• _PROBLEM REQUIREMENTS_:
Filter by the string "text": return the lines of the material that contain it.

####################

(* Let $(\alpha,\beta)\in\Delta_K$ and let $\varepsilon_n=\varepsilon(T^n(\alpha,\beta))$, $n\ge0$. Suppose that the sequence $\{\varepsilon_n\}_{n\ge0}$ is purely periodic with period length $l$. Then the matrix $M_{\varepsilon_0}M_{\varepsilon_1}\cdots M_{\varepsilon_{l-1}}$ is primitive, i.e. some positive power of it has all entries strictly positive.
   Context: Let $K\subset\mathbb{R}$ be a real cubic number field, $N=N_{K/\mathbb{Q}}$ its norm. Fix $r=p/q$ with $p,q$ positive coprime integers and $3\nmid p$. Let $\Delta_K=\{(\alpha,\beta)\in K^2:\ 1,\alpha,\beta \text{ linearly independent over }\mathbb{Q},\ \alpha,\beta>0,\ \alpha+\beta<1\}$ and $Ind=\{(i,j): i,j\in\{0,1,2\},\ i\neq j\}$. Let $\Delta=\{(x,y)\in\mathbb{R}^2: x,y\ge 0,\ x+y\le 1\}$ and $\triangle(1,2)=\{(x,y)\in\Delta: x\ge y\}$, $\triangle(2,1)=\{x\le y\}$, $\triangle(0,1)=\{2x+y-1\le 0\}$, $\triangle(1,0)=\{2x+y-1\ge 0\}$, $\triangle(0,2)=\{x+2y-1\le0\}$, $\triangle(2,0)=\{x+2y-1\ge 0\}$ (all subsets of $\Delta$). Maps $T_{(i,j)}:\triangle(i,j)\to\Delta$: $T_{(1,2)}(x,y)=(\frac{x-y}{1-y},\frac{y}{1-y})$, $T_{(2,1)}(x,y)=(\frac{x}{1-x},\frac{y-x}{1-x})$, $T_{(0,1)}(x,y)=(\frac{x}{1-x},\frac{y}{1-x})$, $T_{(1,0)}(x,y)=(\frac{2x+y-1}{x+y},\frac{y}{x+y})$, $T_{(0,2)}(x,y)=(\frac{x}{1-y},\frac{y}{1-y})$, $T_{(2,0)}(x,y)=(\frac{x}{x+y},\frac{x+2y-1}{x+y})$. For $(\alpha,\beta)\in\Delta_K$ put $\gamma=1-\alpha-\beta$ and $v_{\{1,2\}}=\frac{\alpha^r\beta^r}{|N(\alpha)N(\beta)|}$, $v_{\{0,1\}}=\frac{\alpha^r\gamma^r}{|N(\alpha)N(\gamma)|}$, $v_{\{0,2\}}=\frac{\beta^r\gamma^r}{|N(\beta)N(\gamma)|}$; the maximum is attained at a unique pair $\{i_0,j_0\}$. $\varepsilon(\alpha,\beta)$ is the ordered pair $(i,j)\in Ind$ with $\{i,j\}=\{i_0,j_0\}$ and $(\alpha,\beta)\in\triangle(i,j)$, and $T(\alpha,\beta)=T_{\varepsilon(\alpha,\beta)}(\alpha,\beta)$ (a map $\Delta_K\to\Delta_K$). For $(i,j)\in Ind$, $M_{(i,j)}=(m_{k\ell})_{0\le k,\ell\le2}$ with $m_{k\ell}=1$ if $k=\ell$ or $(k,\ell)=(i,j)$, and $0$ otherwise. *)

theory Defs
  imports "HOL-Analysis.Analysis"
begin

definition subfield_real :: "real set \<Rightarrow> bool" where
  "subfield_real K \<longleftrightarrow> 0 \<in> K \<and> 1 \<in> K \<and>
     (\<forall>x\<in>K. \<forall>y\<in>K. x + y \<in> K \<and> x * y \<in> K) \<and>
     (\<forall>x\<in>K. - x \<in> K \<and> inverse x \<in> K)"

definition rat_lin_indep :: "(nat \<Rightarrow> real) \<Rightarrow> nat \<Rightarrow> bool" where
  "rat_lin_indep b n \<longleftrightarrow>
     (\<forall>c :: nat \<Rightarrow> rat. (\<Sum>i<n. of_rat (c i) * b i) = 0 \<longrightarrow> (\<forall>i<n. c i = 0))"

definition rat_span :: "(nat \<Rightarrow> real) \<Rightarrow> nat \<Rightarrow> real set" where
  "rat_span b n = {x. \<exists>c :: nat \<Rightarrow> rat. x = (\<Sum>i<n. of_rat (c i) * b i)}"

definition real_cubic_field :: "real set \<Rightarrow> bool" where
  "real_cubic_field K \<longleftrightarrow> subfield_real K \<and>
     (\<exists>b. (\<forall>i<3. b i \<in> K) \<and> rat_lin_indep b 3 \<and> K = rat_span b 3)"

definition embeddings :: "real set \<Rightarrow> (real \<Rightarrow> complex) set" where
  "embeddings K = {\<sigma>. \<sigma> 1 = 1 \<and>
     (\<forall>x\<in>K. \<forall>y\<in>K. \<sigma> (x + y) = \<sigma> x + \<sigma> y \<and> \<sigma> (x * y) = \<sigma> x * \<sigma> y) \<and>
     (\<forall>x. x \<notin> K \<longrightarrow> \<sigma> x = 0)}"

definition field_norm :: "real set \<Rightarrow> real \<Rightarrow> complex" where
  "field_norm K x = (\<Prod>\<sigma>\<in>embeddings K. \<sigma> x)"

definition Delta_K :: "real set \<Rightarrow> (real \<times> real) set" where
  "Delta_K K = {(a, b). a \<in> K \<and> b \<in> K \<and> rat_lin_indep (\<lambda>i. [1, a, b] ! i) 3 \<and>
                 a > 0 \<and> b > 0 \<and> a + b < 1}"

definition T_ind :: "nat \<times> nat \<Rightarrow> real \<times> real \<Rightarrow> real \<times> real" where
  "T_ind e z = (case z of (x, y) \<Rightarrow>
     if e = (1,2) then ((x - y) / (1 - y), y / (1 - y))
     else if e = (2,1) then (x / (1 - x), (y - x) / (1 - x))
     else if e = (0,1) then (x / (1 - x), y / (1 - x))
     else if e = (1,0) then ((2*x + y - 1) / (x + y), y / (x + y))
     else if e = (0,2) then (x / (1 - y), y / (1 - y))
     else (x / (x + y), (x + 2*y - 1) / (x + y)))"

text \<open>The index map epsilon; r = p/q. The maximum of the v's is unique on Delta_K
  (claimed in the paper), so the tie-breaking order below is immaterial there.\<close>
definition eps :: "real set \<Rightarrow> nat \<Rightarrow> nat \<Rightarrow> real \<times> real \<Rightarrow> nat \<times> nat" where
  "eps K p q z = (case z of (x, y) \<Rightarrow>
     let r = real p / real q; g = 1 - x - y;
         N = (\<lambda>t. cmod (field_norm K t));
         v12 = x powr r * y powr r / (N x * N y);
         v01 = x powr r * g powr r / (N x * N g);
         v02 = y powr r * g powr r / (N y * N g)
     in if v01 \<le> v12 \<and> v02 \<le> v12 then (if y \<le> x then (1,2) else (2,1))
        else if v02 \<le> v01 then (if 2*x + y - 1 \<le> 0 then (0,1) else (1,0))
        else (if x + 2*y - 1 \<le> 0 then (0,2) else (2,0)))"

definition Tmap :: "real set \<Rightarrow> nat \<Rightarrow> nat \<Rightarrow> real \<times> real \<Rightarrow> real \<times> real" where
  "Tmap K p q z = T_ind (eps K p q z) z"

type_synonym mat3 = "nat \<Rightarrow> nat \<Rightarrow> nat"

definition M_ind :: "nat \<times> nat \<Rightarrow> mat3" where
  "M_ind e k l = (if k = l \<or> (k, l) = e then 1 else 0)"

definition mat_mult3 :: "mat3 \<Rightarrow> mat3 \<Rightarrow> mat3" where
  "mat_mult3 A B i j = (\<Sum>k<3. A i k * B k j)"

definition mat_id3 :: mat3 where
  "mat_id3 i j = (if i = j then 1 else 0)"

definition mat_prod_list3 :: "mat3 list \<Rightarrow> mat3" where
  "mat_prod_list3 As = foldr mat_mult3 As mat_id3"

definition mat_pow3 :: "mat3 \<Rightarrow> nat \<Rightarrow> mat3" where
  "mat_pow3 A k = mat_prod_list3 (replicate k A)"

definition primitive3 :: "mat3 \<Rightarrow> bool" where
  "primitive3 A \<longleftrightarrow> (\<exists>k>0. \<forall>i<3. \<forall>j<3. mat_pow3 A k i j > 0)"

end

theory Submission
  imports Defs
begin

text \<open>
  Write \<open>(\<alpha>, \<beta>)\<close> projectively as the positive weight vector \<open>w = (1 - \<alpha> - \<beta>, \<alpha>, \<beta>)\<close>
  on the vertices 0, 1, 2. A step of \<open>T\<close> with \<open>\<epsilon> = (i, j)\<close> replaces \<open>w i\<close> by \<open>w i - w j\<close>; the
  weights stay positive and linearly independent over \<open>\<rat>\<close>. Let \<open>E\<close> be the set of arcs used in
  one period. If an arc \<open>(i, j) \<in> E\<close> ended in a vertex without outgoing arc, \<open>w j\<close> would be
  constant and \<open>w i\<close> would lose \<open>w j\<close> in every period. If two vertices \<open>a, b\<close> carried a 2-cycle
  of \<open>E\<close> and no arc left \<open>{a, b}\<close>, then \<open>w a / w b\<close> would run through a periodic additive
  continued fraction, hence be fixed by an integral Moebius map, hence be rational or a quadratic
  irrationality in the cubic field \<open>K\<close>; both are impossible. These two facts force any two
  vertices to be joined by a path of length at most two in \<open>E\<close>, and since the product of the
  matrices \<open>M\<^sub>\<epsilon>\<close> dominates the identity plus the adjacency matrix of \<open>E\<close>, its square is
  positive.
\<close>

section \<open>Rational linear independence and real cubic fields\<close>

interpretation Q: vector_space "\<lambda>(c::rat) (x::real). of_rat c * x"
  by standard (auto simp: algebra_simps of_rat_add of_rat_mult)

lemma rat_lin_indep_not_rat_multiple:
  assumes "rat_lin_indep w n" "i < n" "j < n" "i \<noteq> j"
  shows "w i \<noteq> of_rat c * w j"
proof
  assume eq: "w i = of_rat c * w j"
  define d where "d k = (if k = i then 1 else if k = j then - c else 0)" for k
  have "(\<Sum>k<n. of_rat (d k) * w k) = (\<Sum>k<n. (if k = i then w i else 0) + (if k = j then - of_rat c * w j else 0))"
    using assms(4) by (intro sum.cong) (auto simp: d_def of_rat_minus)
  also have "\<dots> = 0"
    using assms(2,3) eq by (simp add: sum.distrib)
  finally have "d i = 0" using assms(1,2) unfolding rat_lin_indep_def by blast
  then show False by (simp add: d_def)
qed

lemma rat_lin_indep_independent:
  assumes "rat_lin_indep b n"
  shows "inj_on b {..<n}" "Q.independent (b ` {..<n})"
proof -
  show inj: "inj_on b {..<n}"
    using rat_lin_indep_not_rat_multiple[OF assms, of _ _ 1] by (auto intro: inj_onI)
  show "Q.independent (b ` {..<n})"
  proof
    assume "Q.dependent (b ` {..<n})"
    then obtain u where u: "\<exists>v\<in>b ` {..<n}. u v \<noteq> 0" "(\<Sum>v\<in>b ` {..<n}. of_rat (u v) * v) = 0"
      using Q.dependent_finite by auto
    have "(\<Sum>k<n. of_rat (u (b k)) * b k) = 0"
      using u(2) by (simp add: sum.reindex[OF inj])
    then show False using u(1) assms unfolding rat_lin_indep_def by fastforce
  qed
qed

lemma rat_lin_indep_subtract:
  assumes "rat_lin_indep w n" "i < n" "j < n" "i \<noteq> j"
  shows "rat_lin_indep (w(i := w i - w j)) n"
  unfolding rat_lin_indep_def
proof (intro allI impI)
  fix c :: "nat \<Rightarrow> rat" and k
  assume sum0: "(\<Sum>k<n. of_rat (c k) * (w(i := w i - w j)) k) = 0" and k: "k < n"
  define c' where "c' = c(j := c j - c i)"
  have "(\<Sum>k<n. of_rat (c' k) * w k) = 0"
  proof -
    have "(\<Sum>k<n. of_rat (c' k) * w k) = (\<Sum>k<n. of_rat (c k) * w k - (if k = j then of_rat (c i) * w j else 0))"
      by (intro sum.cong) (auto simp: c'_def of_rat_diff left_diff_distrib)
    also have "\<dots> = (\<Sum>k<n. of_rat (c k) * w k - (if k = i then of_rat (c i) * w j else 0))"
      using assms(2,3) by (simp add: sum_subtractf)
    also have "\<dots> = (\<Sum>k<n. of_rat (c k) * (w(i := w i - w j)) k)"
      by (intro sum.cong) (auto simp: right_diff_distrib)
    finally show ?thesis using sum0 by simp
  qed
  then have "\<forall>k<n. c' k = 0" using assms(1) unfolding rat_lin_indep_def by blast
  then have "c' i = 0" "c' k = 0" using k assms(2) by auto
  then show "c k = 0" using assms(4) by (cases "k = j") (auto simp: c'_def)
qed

####################

• _ANSWER TO THE EXERCISE_:
   Context: Let $K\subset\mathbb{R}$ be a real cubic number field, $N=N_{K/\mathbb{Q}}$ its norm. Fix $r=p/q$ with $p,q$ positive coprime integers and $3\nmid p$. Let $\Delta_K=\{(\alpha,\beta)\in K^2:\ 1,\alpha,\beta \text{ linearly independent over }\mathbb{Q},\ \alpha,\beta>0,\ \alpha+\beta<1\}$ and $Ind=\{(i,j): i,j\in\{0,1,2\},\ i\neq j\}$. Let $\Delta=\{(x,y)\in\mathbb{R}^2: x,y\ge 0,\ x+y\le 1\}$ and $\triangle(1,2)=\{(x,y)\in\Delta: x\ge y\}$, $\triangle(2,1)=\{x\le y\}$, $\triangle(0,1)=\{2x+y-1\le 0\}$, $\triangle(1,0)=\{2x+y-1\ge 0\}$, $\triangle(0,2)=\{x+2y-1\le0\}$, $\triangle(2,0)=\{x+2y-1\ge 0\}$ (all subsets of $\Delta$). Maps $T_{(i,j)}:\triangle(i,j)\to\Delta$: $T_{(1,2)}(x,y)=(\frac{x-y}{1-y},\frac{y}{1-y})$, $T_{(2,1)}(x,y)=(\frac{x}{1-x},\frac{y-x}{1-x})$, $T_{(0,1)}(x,y)=(\frac{x}{1-x},\frac{y}{1-x})$, $T_{(1,0)}(x,y)=(\frac{2x+y-1}{x+y},\frac{y}{x+y})$, $T_{(0,2)}(x,y)=(\frac{x}{1-y},\frac{y}{1-y})$, $T_{(2,0)}(x,y)=(\frac{x}{x+y},\frac{x+2y-1}{x+y})$. For $(\alpha,\beta)\in\Delta_K$ put $\gamma=1-\alpha-\beta$ and $v_{\{1,2\}}=\frac{\alpha^r\beta^r}{|N(\alpha)N(\beta)|}$, $v_{\{0,1\}}=\frac{\alpha^r\gamma^r}{|N(\alpha)N(\gamma)|}$, $v_{\{0,2\}}=\frac{\beta^r\gamma^r}{|N(\beta)N(\gamma)|}$; the maximum is attained at a unique pair $\{i_0,j_0\}$. $\varepsilon(\alpha,\beta)$ is the ordered pair $(i,j)\in Ind$ with $\{i,j\}=\{i_0,j_0\}$ and $(\alpha,\beta)\in\triangle(i,j)$, and $T(\alpha,\beta)=T_{\varepsilon(\alpha,\beta)}(\alpha,\beta)$ (a map $\Delta_K\to\Delta_K$). For $(i,j)\in Ind$, $M_{(i,j)}=(m_{k\ell})_{0\le k,\ell\le2}$ with $m_{k\ell}=1$ if $k=\ell$ or $(k,\ell)=(i,j)$, and $0$ otherwise. *)
text \<open>The index map epsilon; r = p/q. The maximum of the v's is unique on Delta_K
text \<open>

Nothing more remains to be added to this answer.